lemma top_bid_bound:
  assumes "v \<le> x" and "\<beta> v = c" and "c < x" and top: "\<forall>w\<le>x. \<beta> w \<le> c"
  shows "v * m * card {w\<in>{0..x}. \<beta> w = c} \<le> (m + 1) * (x + 1)"
proof -
  let ?N = "real (x + 1) ^ m" and ?R = "real (x + 1) ^ (m - 1)"
    and ?k = "real (card {w\<in>{0..x}. \<beta> w = c})"
  have below: "\<forall>j<m. \<beta> (vs j) \<le> c" if "vs \<in> profiles" for vs
    using top profile_le_x[OF that] by blast
  have "wins (c + 1) = (\<Sum>vs\<in>profiles. 1)"
    unfolding wins_def using below by (intro sum.cong refl win_eq_1_if_all_below) (auto simp: le_imp_less_Suc)
  hence sure: "wins (c + 1) = ?N" using card_profiles by simp
  have "real m * ?k * ?R / real (m + 1)
          = (\<Sum>vs\<in>profiles. real (card {j. j < m \<and> \<beta> (vs j) = c}) / real (m + 1))"
    by (simp add: sum_divide_distrib[symmetric] sum_card_opponents_at)
  also have "\<dots> \<le> (\<Sum>vs\<in>profiles. 1 - win m (\<lambda>_. \<beta>) vs c)"
    using below by (intro sum_mono win_deficit_ge) auto
  also have "\<dots> = ?N - wins c"
    unfolding wins_def using card_profiles by (simp add: sum_subtractf)
  finally have deficit: "real m * ?k * ?R / real (m + 1) \<le> ?N - wins c" .
  have "real v * wins (c + 1) - real (c + 1) * ?N \<le> real v * wins c - real c * ?N"
    using wins_scaled_best_response[OF \<open>v \<le> x\<close>, of "c + 1"] assms by simp
  hence "real v * (?N - wins c) \<le> ?N" using sure by (simp add: algebra_simps)
  moreover have "real v * (real m * ?k * ?R / real (m + 1)) \<le> real v * (?N - wins c)"
    by (intro mult_left_mono deficit) simp
  ultimately have "real v * (real m * ?k * ?R / real (m + 1)) \<le> real (x + 1) * ?R"
    by (subst power_eq_mult_power_pred[symmetric]) linarith
  hence "real v * (real m * ?k * ?R) \<le> real (m + 1) * (real (x + 1) * ?R)"
    by (simp add: field_simps)
  hence "real (v * m * card {w\<in>{0..x}. \<beta> w = c}) * ?R \<le> real ((m + 1) * (x + 1)) * ?R"
    by (simp add: algebra_simps)
  thus ?thesis by (simp only: mult_le_cancel_right_pos[OF zero_less_power] of_nat_le_iff)
qed

lemma top_jump_le_1:
  assumes "m \<le> 2"
  shows "\<beta> x \<le> \<beta> (x - 1) + 1"
proof (rule ccontr)
  define b where "b = \<beta> x"
  assume "\<not> ?thesis"
  hence jump: "\<beta> (x - 1) + 2 \<le> b" by (simp add: b_def)
  have lower: "\<beta> w \<le> b - 2" if "w \<le> x" "w \<noteq> x" for w
  proof -
    from that have "\<beta> w \<le> \<beta> (x - 1)" by (intro bid_mono) auto
    with jump show ?thesis by simp
  qed
  have no_lower: "\<forall>w\<le>x. \<beta> w \<noteq> b - 1"
  proof (intro allI impI)
    fix w assume "w \<le> x"
    show "\<beta> w \<noteq> b - 1"
    proof (cases "w = x")
      case True
      with jump show ?thesis by (simp add: b_def)
    next
      case False
      with \<open>w \<le> x\<close> lower[of w] jump show ?thesis by simp
    qed
  qed
  have "{w\<in>{0..x}. \<beta> w = b} \<subseteq> {x}"
    using lower jump by fastforce
  hence "card {w\<in>{0..x}. \<beta> w = b} \<le> card {x}"
    by (intro card_mono) simp_all
  hence "x * m * card {w\<in>{0..x}. \<beta> w = b} \<le> x * 2 * 1"
    using assms by (intro mult_le_mono) auto
  moreover have "2 * (x + 1) \<le> x * m * card {w\<in>{0..x}. \<beta> w = b}"
    using jump no_lower by (intro isolated_bid_bound) (auto simp: b_def)
  ultimately have "2 * (x + 1) \<le> x * 2 * 1" by (rule le_trans[rotated])
  thus False by simp
qed

lemma second_jump_le_1:
  assumes "m \<le> 2" and "4 \<le> x"
  shows "\<beta> (x - 1) \<le> \<beta> (x - 2) + 1"
proof (rule ccontr)
  define c where "c = \<beta> (x - 1)"
  assume "\<not> ?thesis"
  hence jump: "\<beta> (x - 2) + 2 \<le> c" by (simp add: c_def)
  have bid_cases: "\<beta> w \<le> c - 2 \<or> w = x - 1 \<or> w = x" if "w \<le> x" for w
  proof (cases "w \<le> x - 2")
    case True
    hence "\<beta> w \<le> \<beta> (x - 2)" by (intro bid_mono) auto
    with jump have "\<beta> w \<le> c - 2" by linarith
    thus ?thesis by simp
  next
    case False
    with that show ?thesis by auto
  qed
  have "c \<le> \<beta> x" unfolding c_def by (intro bid_mono) auto
  show False
  proof (cases "m = 1 \<or> c < \<beta> x")
    case tie: True
    have no_lower: "\<forall>w\<le>x. \<beta> w \<noteq> c - 1"
    proof (intro allI impI)
      fix w assume "w \<le> x"
      with bid_cases[of w] jump \<open>c \<le> \<beta> x\<close> show "\<beta> w \<noteq> c - 1"
        by (auto simp: c_def)
    qed
    have "m * card {w\<in>{0..x}. \<beta> w = c} \<le> 2"
    proof (cases "m = 1")
      case True
      have "{w\<in>{0..x}. \<beta> w = c} \<subseteq> {x - 1, x}"
        using bid_cases jump by fastforce
      hence "card {w\<in>{0..x}. \<beta> w = c} \<le> card {x - 1, x}" by (intro card_mono) simp_all
      also have "\<dots> \<le> 2" by (simp add: card_insert_le_m1)
      finally show ?thesis using True by simp
    next
      case False
      with tie have "{w\<in>{0..x}. \<beta> w = c} \<subseteq> {x - 1}"
        using bid_cases jump by fastforce
      hence "card {w\<in>{0..x}. \<beta> w = c} \<le> card {x - 1}" by (intro card_mono) simp_all
      hence "m * card {w\<in>{0..x}. \<beta> w = c} \<le> 2 * 1" using assms by (intro mult_le_mono) simp_all
      thus ?thesis by simp
    qed
    hence "(x - 1) * m * card {w\<in>{0..x}. \<beta> w = c} \<le> (x - 1) * 2"
      unfolding mult.assoc by (rule mult_le_mono2)
    moreover have "2 * (x + 1) \<le> (x - 1) * m * card {w\<in>{0..x}. \<beta> w = c}"
      using jump no_lower by (intro isolated_bid_bound) (auto simp: c_def)
    ultimately have "2 * (x + 1) \<le> (x - 1) * 2" by linarith
    thus False by simp
  next
    case False
    with assms opponents \<open>c \<le> \<beta> x\<close> have "m = 2" "\<beta> x = c" by auto
    have top: "\<forall>w\<le>x. \<beta> w \<le> c"
      using bid_mono \<open>\<beta> x = c\<close> by auto
    have "c < x"
      using bid_le_value[of "x - 1"] assms unfolding c_def by simp
    have "{x - 1, x} \<subseteq> {w\<in>{0..x}. \<beta> w = c}"
      using \<open>\<beta> x = c\<close> c_def by auto
    hence "card {x - 1, x} \<le> card {w\<in>{0..x}. \<beta> w = c}" by (intro card_mono) simp_all
    hence "x * 2 * 2 \<le> x * m * card {w\<in>{0..x}. \<beta> w = c}"
      using assms \<open>m = 2\<close> by (intro mult_le_mono) auto
    moreover have "x * m * card {w\<in>{0..x}. \<beta> w = c} \<le> (m + 1) * (x + 1)"
      using \<open>\<beta> x = c\<close> \<open>c < x\<close> top by (intro top_bid_bound) auto
    ultimately have "x * 2 * 2 \<le> (m + 1) * (x + 1)" by (rule le_trans)
    with assms \<open>m = 2\<close> show False by simp
  qed
qed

※ ※ ※

DIRECTIONS -
Restate the records above verbatim, omitting no line.

EXERCISE ANSWER -
lemma top_bid_bound:
  assumes "v \<le> x" and "\<beta> v = c" and "c < x" and top: "\<forall>w\<le>x. \<beta> w \<le> c"
  shows "v * m * card {w\<in>{0..x}. \<beta> w = c} \<le> (m + 1) * (x + 1)"
proof -
  let ?N = "real (x + 1) ^ m" and ?R = "real (x + 1) ^ (m - 1)"
    and ?k = "real (card {w\<in>{0..x}. \<beta> w = c})"
  have below: "\<forall>j<m. \<beta> (vs j) \<le> c" if "vs \<in> profiles" for vs
    using top profile_le_x[OF that] by blast
  have "wins (c + 1) = (\<Sum>vs\<in>profiles. 1)"
    unfolding wins_def using below by (intro sum.cong refl win_eq_1_if_all_below) (auto simp: le_imp_less_Suc)
  hence sure: "wins (c + 1) = ?N" using card_profiles by simp
  have "real m * ?k * ?R / real (m + 1)
          = (\<Sum>vs\<in>profiles. real (card {j. j < m \<and> \<beta> (vs j) = c}) / real (m + 1))"
    by (simp add: sum_divide_distrib[symmetric] sum_card_opponents_at)
  also have "\<dots> \<le> (\<Sum>vs\<in>profiles. 1 - win m (\<lambda>_. \<beta>) vs c)"
    using below by (intro sum_mono win_deficit_ge) auto
  also have "\<dots> = ?N - wins c"
    unfolding wins_def using card_profiles by (simp add: sum_subtractf)
  finally have deficit: "real m * ?k * ?R / real (m + 1) \<le> ?N - wins c" .
  have "real v * wins (c + 1) - real (c + 1) * ?N \<le> real v * wins c - real c * ?N"
    using wins_scaled_best_response[OF \<open>v \<le> x\<close>, of "c + 1"] assms by simp
  hence "real v * (?N - wins c) \<le> ?N" using sure by (simp add: algebra_simps)
  moreover have "real v * (real m * ?k * ?R / real (m + 1)) \<le> real v * (?N - wins c)"
    by (intro mult_left_mono deficit) simp
  ultimately have "real v * (real m * ?k * ?R / real (m + 1)) \<le> real (x + 1) * ?R"
    by (subst power_eq_mult_power_pred[symmetric]) linarith
  hence "real v * (real m * ?k * ?R) \<le> real (m + 1) * (real (x + 1) * ?R)"
    by (simp add: field_simps)
  hence "real (v * m * card {w\<in>{0..x}. \<beta> w = c}) * ?R \<le> real ((m + 1) * (x + 1)) * ?R"
    by (simp add: algebra_simps)
  thus ?thesis by (simp only: mult_le_cancel_right_pos[OF zero_less_power] of_nat_le_iff)
qed

lemma top_jump_le_1:
  assumes "m \<le> 2"
  shows "\<beta> x \<le> \<beta> (x - 1) + 1"
proof (rule ccontr)
  define b where "b = \<beta> x"
  assume "\<not> ?thesis"
  hence jump: "\<beta> (x - 1) + 2 \<le> b" by (simp add: b_def)
  have lower: "\<beta> w \<le> b - 2" if "w \<le> x" "w \<noteq> x" for w
  proof -
    from that have "\<beta> w \<le> \<beta> (x - 1)" by (intro bid_mono) auto
    with jump show ?thesis by simp
  qed
  have no_lower: "\<forall>w\<le>x. \<beta> w \<noteq> b - 1"
  proof (intro allI impI)
    fix w assume "w \<le> x"
    show "\<beta> w \<noteq> b - 1"
    proof (cases "w = x")
      case True
      with jump show ?thesis by (simp add: b_def)
    next
      case False
      with \<open>w \<le> x\<close> lower[of w] jump show ?thesis by simp
    qed
  qed
  have "{w\<in>{0..x}. \<beta> w = b} \<subseteq> {x}"
    using lower jump by fastforce
  hence "card {w\<in>{0..x}. \<beta> w = b} \<le> card {x}"
    by (intro card_mono) simp_all
  hence "x * m * card {w\<in>{0..x}. \<beta> w = b} \<le> x * 2 * 1"
    using assms by (intro mult_le_mono) auto
  moreover have "2 * (x + 1) \<le> x * m * card {w\<in>{0..x}. \<beta> w = b}"
    using jump no_lower by (intro isolated_bid_bound) (auto simp: b_def)
  ultimately have "2 * (x + 1) \<le> x * 2 * 1" by (rule le_trans[rotated])
  thus False by simp
qed

lemma second_jump_le_1:
  assumes "m \<le> 2" and "4 \<le> x"
  shows "\<beta> (x - 1) \<le> \<beta> (x - 2) + 1"
proof (rule ccontr)
  define c where "c = \<beta> (x - 1)"
  assume "\<not> ?thesis"
  hence jump: "\<beta> (x - 2) + 2 \<le> c" by (simp add: c_def)
  have bid_cases: "\<beta> w \<le> c - 2 \<or> w = x - 1 \<or> w = x" if "w \<le> x" for w
  proof (cases "w \<le> x - 2")
    case True
    hence "\<beta> w \<le> \<beta> (x - 2)" by (intro bid_mono) auto
    with jump have "\<beta> w \<le> c - 2" by linarith
    thus ?thesis by simp
  next
    case False
    with that show ?thesis by auto
  qed
  have "c \<le> \<beta> x" unfolding c_def by (intro bid_mono) auto
  show False
  proof (cases "m = 1 \<or> c < \<beta> x")
    case tie: True
    have no_lower: "\<forall>w\<le>x. \<beta> w \<noteq> c - 1"
    proof (intro allI impI)
      fix w assume "w \<le> x"
      with bid_cases[of w] jump \<open>c \<le> \<beta> x\<close> show "\<beta> w \<noteq> c - 1"
        by (auto simp: c_def)
    qed
    have "m * card {w\<in>{0..x}. \<beta> w = c} \<le> 2"
    proof (cases "m = 1")
      case True
      have "{w\<in>{0..x}. \<beta> w = c} \<subseteq> {x - 1, x}"
        using bid_cases jump by fastforce
      hence "card {w\<in>{0..x}. \<beta> w = c} \<le> card {x - 1, x}" by (intro card_mono) simp_all
      also have "\<dots> \<le> 2" by (simp add: card_insert_le_m1)
      finally show ?thesis using True by simp
    next
      case False
      with tie have "{w\<in>{0..x}. \<beta> w = c} \<subseteq> {x - 1}"
        using bid_cases jump by fastforce
      hence "card {w\<in>{0..x}. \<beta> w = c} \<le> card {x - 1}" by (intro card_mono) simp_all
      hence "m * card {w\<in>{0..x}. \<beta> w = c} \<le> 2 * 1" using assms by (intro mult_le_mono) simp_all
      thus ?thesis by simp
    qed
    hence "(x - 1) * m * card {w\<in>{0..x}. \<beta> w = c} \<le> (x - 1) * 2"
      unfolding mult.assoc by (rule mult_le_mono2)
    moreover have "2 * (x + 1) \<le> (x - 1) * m * card {w\<in>{0..x}. \<beta> w = c}"
      using jump no_lower by (intro isolated_bid_bound) (auto simp: c_def)
    ultimately have "2 * (x + 1) \<le> (x - 1) * 2" by linarith
    thus False by simp
  next
    case False
    with assms opponents \<open>c \<le> \<beta> x\<close> have "m = 2" "\<beta> x = c" by auto
    have top: "\<forall>w\<le>x. \<beta> w \<le> c"
      using bid_mono \<open>\<beta> x = c\<close> by auto
    have "c < x"
      using bid_le_value[of "x - 1"] assms unfolding c_def by simp
    have "{x - 1, x} \<subseteq> {w\<in>{0..x}. \<beta> w = c}"
      using \<open>\<beta> x = c\<close> c_def by auto
    hence "card {x - 1, x} \<le> card {w\<in>{0..x}. \<beta> w = c}" by (intro card_mono) simp_all
    hence "x * 2 * 2 \<le> x * m * card {w\<in>{0..x}. \<beta> w = c}"
      using assms \<open>m = 2\<close> by (intro mult_le_mono) auto
    moreover have "x * m * card {w\<in>{0..x}. \<beta> w = c} \<le> (m + 1) * (x + 1)"
      using \<open>\<beta> x = c\<close> \<open>c < x\<close> top by (intro top_bid_bound) auto
    ultimately have "x * 2 * 2 \<le> (m + 1) * (x + 1)" by (rule le_trans)
    with assms \<open>m = 2\<close> show False by simp
  qed
qed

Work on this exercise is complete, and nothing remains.